Return, from the data below, each line that contains the word "rule".

MATERIAL SHOWN.
┄┄┄┄┄┄

lemma contour_integral_swap_linepath_circlepath:
  assumes "continuous_on (U \<times> path_image (circlepath z r)) (\<lambda>(x, y). F x y)"
    and "closed_segment a b \<subseteq> U"
  shows "contour_integral (linepath a b) (\<lambda>x. contour_integral (circlepath z r) (F x)) =
           contour_integral (circlepath z r) (\<lambda>y. contour_integral (linepath a b) (\<lambda>x. F x y))"
    and "(\<lambda>y. contour_integral (linepath a b) (\<lambda>x. F x y)) contour_integrable_on circlepath z r"
proof -
  have F: "continuous_on (path_image (linepath a b) \<times> path_image (circlepath z r)) (\<lambda>(x, y). F x y)"
    using assms by (auto intro: continuous_on_subset)
  then show "contour_integral (linepath a b) (\<lambda>x. contour_integral (circlepath z r) (F x)) =
               contour_integral (circlepath z r) (\<lambda>y. contour_integral (linepath a b) (\<lambda>x. F x y))"
    by (rule contour_integral_swap)
      (auto intro!: continuous_intros continuous_on_vector_derivative_circlepath)
  have "continuous_on (path_image (circlepath z r) \<times> path_image (linepath a b)) (\<lambda>(y, x). F x y)"
    using continuous_on_swap_args[OF F] by simp
  then have "continuous_on (path_image (circlepath z r)) (\<lambda>y. contour_integral (linepath a b) (\<lambda>x. F x y))"
    by (rule continuous_on_contour_integral_param[OF valid_path_linepath, rotated])
      (auto intro!: continuous_intros)
  then show "(\<lambda>y. contour_integral (linepath a b) (\<lambda>x. F x y)) contour_integrable_on circlepath z r"
    by (rule contour_integrable_continuous_circlepath)
qed

lemma contour_integral_triangle_param_circlepath:
  assumes "open U"
    and "continuous_on (U \<times> path_image (circlepath z r)) (\<lambda>(x, y). F x y)"
    and "\<And>y. y \<in> path_image (circlepath z r) \<Longrightarrow> (\<lambda>x. F x y) holomorphic_on U"
    and "convex hull {a, b, c} \<subseteq> U"
  defines "G \<equiv> \<lambda>x. contour_integral (circlepath z r) (F x)"
  shows "contour_integral (linepath a b) G + contour_integral (linepath b c) G
           + contour_integral (linepath c a) G = 0"
proof -
  let ?I = "\<lambda>p q y. contour_integral (linepath p q) (\<lambda>x. F x y)"
  have segs: "closed_segment a b \<subseteq> U" "closed_segment b c \<subseteq> U" "closed_segment c a \<subseteq> U"
    using assms(4) segments_subset_convex_hull by (meson order_trans)+
  have "?I a b y + (?I b c y + ?I c a y) = 0" if y: "y \<in> path_image (circlepath z r)" for y
  proof -
    have "(\<lambda>x. F x y) contour_integrable_on linepath p q" if "closed_segment p q \<subseteq> U" for p q
      using assms(1) assms(3)[OF y] that by (auto intro!: contour_integrable_holomorphic_simple)
    then have "?I a b y + (?I b c y + ?I c a y) =
                 contour_integral (linepath a b +++ linepath b c +++ linepath c a) (\<lambda>x. F x y)"
      using segs by (simp add: contour_integrable_joinI)
    also have "\<dots> = 0"
      using assms(3)[OF y] assms(4)
      by (intro contour_integral_unique Cauchy_theorem_triangle) (rule holomorphic_on_subset)
    finally show ?thesis .
  qed
  then have "contour_integral (circlepath z r) (\<lambda>y. ?I a b y + (?I b c y + ?I c a y)) = 0"
    by (rule contour_integral_eq_0)
  then show ?thesis
    using contour_integral_swap_linepath_circlepath[OF assms(2) segs(1)]
      contour_integral_swap_linepath_circlepath[OF assms(2) segs(2)]
      contour_integral_swap_linepath_circlepath[OF assms(2) segs(3)]
    by (simp add: G_def contour_integrable_add contour_integral_add add_ac)
qed

lemma holomorphic_on_contour_integral_param_circlepath:
  assumes "open U"
    and "continuous_on (U \<times> path_image (circlepath z r)) (\<lambda>(x, y). F x y)"
    and "\<And>y. y \<in> path_image (circlepath z r) \<Longrightarrow> (\<lambda>x. F x y) holomorphic_on U"
  shows "(\<lambda>x. contour_integral (circlepath z r) (F x)) holomorphic_on U"
proof -
  have "continuous_on U (\<lambda>x. contour_integral (circlepath z r) (F x))"
    by (rule continuous_on_contour_integral_param[OF valid_path_circlepath
          continuous_on_vector_derivative_circlepath assms(2)])
  then have "(\<lambda>x. contour_integral (circlepath z r) (F x)) analytic_on U"
    using assms contour_integral_triangle_param_circlepath by (intro Morera_triangle) blast+
  then show ?thesis
    by (rule analytic_imp_holomorphic)
qed

lemma analytic2_on_holomorphic_fst:
  assumes "analytic2_on f (U \<times> V)" and "y \<in> V"
  shows "(\<lambda>x. f x y) holomorphic_on U"
  using assms unfolding analytic2_on_def holomorphic_on_def
  by (fastforce intro: field_differentiable_at_within)

lemma analytic2_on_holomorphic_snd:
  assumes "analytic2_on f (U \<times> V)" and "x \<in> U"
  shows "f x holomorphic_on V"
  using assms unfolding analytic2_on_def holomorphic_on_def
  by (fastforce intro: field_differentiable_at_within)

lemma holomorphic_on_deriv_snd:
  assumes "open U" and "open V" and "analytic2_on f (U \<times> V)" and "y \<in> V"
  shows "(\<lambda>x. deriv (f x) y) holomorphic_on U"
proof -
  obtain r where "r > 0" and r: "cball y r \<subseteq> V"
    using assms(2,4) open_contains_cball by blast
  define F where "F = (\<lambda>x u. f x u / (u - y)^2)"
  have circle: "path_image (circlepath y r) \<subseteq> V - {y}"
    using \<open>r > 0\<close> r by (auto simp: path_image_circlepath_nonneg)
  have deriv_eq: "deriv (f x) y = 1 / (2 * of_real pi * \<i>) * contour_integral (circlepath y r) (F x)"
    if "x \<in> U" for x
  proof -
    have hol: "f x holomorphic_on V"
      using assms(3) that by (rule analytic2_on_holomorphic_snd)
    have "(f x has_field_derivative 1 / (2 * of_real pi * \<i>) * contour_integral (circlepath y r) (F x)) (at y)"
      unfolding F_def using \<open>r > 0\<close> r
      by (intro Cauchy_derivative_integral_circlepath holomorphic_on_imp_continuous_on
          holomorphic_on_subset[OF hol]) auto
    then show ?thesis
      by (rule DERIV_imp_deriv)
  qed
  have "continuous_on (U \<times> path_image (circlepath y r)) (\<lambda>(x, u). f x u)"
    using assms(3) circle unfolding analytic2_on_def by (blast intro: continuous_on_subset)
  then have "continuous_on (U \<times> path_image (circlepath y r)) (\<lambda>(x, u). F x u)"
    using circle unfolding F_def case_prod_beta by (intro continuous_intros) auto
  moreover have "(\<lambda>x. F x u) holomorphic_on U" if "u \<in> path_image (circlepath y r)" for u
    using that circle unfolding F_def
    by (auto intro!: holomorphic_intros analytic2_on_holomorphic_fst[OF assms(3)])
  ultimately have "(\<lambda>x. 1 / (2 * of_real pi * \<i>) * contour_integral (circlepath y r) (F x)) holomorphic_on U"
    by (intro holomorphic_intros holomorphic_on_contour_integral_param_circlepath assms(1))
  then show ?thesis
    by (rule holomorphic_transform) (simp add: deriv_eq)
qed

lemma holomorphic_on_Dy:
  assumes "open U" and "open V" and "analytic2_on f (U \<times> V)" and "m1 \<in> V" and "m2 \<in> V"
  shows "Dy f m1 m2 holomorphic_on U"
proof (cases "m1 = m2")
  case True
  then have "Dy f m1 m2 = (\<lambda>x. deriv (f x) m1)"
    by (simp add: fun_eq_iff Dy_def divdiff_def)
  then show ?thesis
    using holomorphic_on_deriv_snd[OF assms(1-4)] by simp
next
  case False
  then have "Dy f m1 m2 = (\<lambda>x. (f x m2 - f x m1) / (m2 - m1))"
    by (simp add: fun_eq_iff Dy_def divdiff_def)
  then show ?thesis
    using analytic2_on_holomorphic_fst[OF assms(3)] assms(4,5) False
    by (auto intro!: holomorphic_intros)
qed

┄┄┄┄┄┄

EXERCISE RESULT.
    by (rule contour_integral_swap)
    by (rule continuous_on_contour_integral_param[OF valid_path_linepath, rotated])
    by (rule contour_integrable_continuous_circlepath)
      by (intro contour_integral_unique Cauchy_theorem_triangle) (rule holomorphic_on_subset)
    by (rule contour_integral_eq_0)
    by (rule continuous_on_contour_integral_param[OF valid_path_circlepath
    by (rule analytic_imp_holomorphic)
      using assms(3) that by (rule analytic2_on_holomorphic_snd)
      by (rule DERIV_imp_deriv)
    by (rule holomorphic_transform) (simp add: deriv_eq)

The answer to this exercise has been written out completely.